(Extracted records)

lemma nn_integral_normal_density_square:
  fixes x \<sigma> :: real and h :: "real \<Rightarrow> ennreal"
  assumes \<sigma>: "\<sigma> > 0" and h[measurable]: "h \<in> borel_measurable borel"
  shows "(\<integral>\<^sup>+a. ennreal (normal_density x \<sigma> a) * h (a\<^sup>2) \<partial>lborel) =
         (\<Sum>k. ennreal (poisson_pmf_val (x\<^sup>2 / (2 * \<sigma>\<^sup>2)) k) *
              (\<integral>\<^sup>+t. ennreal (gamma_density (real k + 1/2) t) * h (2 * \<sigma>\<^sup>2 * t) \<partial>lborel))"
proof -
  define c where "c = 1 / (2 * \<sigma>\<^sup>2)"
  have c: "c > 0" and scale: "t / c = 2 * \<sigma>\<^sup>2 * t" and rate: "x\<^sup>2 / (2 * \<sigma>\<^sup>2) = c * x\<^sup>2" for t
    using \<sigma> by (simp_all add: c_def)
  define P where "P k = poisson_pmf_val (c * x\<^sup>2) k" for k
  define g where "g k a = gamma_density (real k + 1/2) (c * a\<^sup>2) * (2 * c * a)" for k a
  have nonneg: "P k \<ge> 0" "a > 0 \<Longrightarrow> g k a \<ge> 0" for k a
    using c by (simp_all add: P_def g_def poisson_pmf_val_nonneg gamma_density_nonneg)
  have "(\<integral>\<^sup>+a. ennreal (normal_density x \<sigma> a) * h (a\<^sup>2) \<partial>lborel) =
        (\<integral>\<^sup>+a. ennreal (normal_density x \<sigma> a + normal_density x \<sigma> (- a)) * h (a\<^sup>2) * indicator {0<..} a \<partial>lborel)"
    by (subst nn_integral_lborel_fold) (auto simp: ennreal_plus distrib_right)
  also have "\<dots> = (\<integral>\<^sup>+a. (\<Sum>k. ennreal (P k) * (ennreal (g k a) * h (a\<^sup>2) * indicator {0<..} a)) \<partial>lborel)"
  proof (intro nn_integral_cong)
    fix a :: real
    show "ennreal (normal_density x \<sigma> a + normal_density x \<sigma> (- a)) * h (a\<^sup>2) * indicator {0<..} a =
          (\<Sum>k. ennreal (P k) * (ennreal (g k a) * h (a\<^sup>2) * indicator {0<..} a))"
    proof (cases "a > 0")
      case True
      then have "(\<Sum>k. ennreal (P k * g k a)) = ennreal (normal_density x \<sigma> a + normal_density x \<sigma> (- a))"
        using normal_density_fold_sums[OF \<sigma> True c_def] nonneg
        by (intro suminf_ennreal_eq) (auto simp: P_def g_def mult.assoc)
      then show ?thesis
        using True nonneg by (simp add: ennreal_mult ennreal_suminf_multc flip: mult.assoc)
    qed simp
  qed
  also have "\<dots> = (\<Sum>k. ennreal (P k) * (\<integral>\<^sup>+a. ennreal (g k a) * h (a\<^sup>2) * indicator {0<..} a \<partial>lborel))"
    by (simp add: g_def nn_integral_suminf nn_integral_cmult)
  also have "\<dots> = (\<Sum>k. ennreal (P k) *
      (\<integral>\<^sup>+t. ennreal (gamma_density (real k + 1/2) t) * h (2 * \<sigma>\<^sup>2 * t) \<partial>lborel))"
    unfolding g_def nn_integral_gamma_density_square[OF c h] scale ..
  finally show ?thesis
    by (simp add: P_def rate)
qed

Exercise goal |
Quote only the stretch of lines that starts the data above and ends with the line containing "c = 2 * \<sigma>\<^sup>2", both included.

Completed exercise |
lemma nn_integral_normal_density_square:
  fixes x \<sigma> :: real and h :: "real \<Rightarrow> ennreal"
  assumes \<sigma>: "\<sigma> > 0" and h[measurable]: "h \<in> borel_measurable borel"
  shows "(\<integral>\<^sup>+a. ennreal (normal_density x \<sigma> a) * h (a\<^sup>2) \<partial>lborel) =
         (\<Sum>k. ennreal (poisson_pmf_val (x\<^sup>2 / (2 * \<sigma>\<^sup>2)) k) *
              (\<integral>\<^sup>+t. ennreal (gamma_density (real k + 1/2) t) * h (2 * \<sigma>\<^sup>2 * t) \<partial>lborel))"
proof -
  define c where "c = 1 / (2 * \<sigma>\<^sup>2)"
  have c: "c > 0" and scale: "t / c = 2 * \<sigma>\<^sup>2 * t" and rate: "x\<^sup>2 / (2 * \<sigma>\<^sup>2) = c * x\<^sup>2" for t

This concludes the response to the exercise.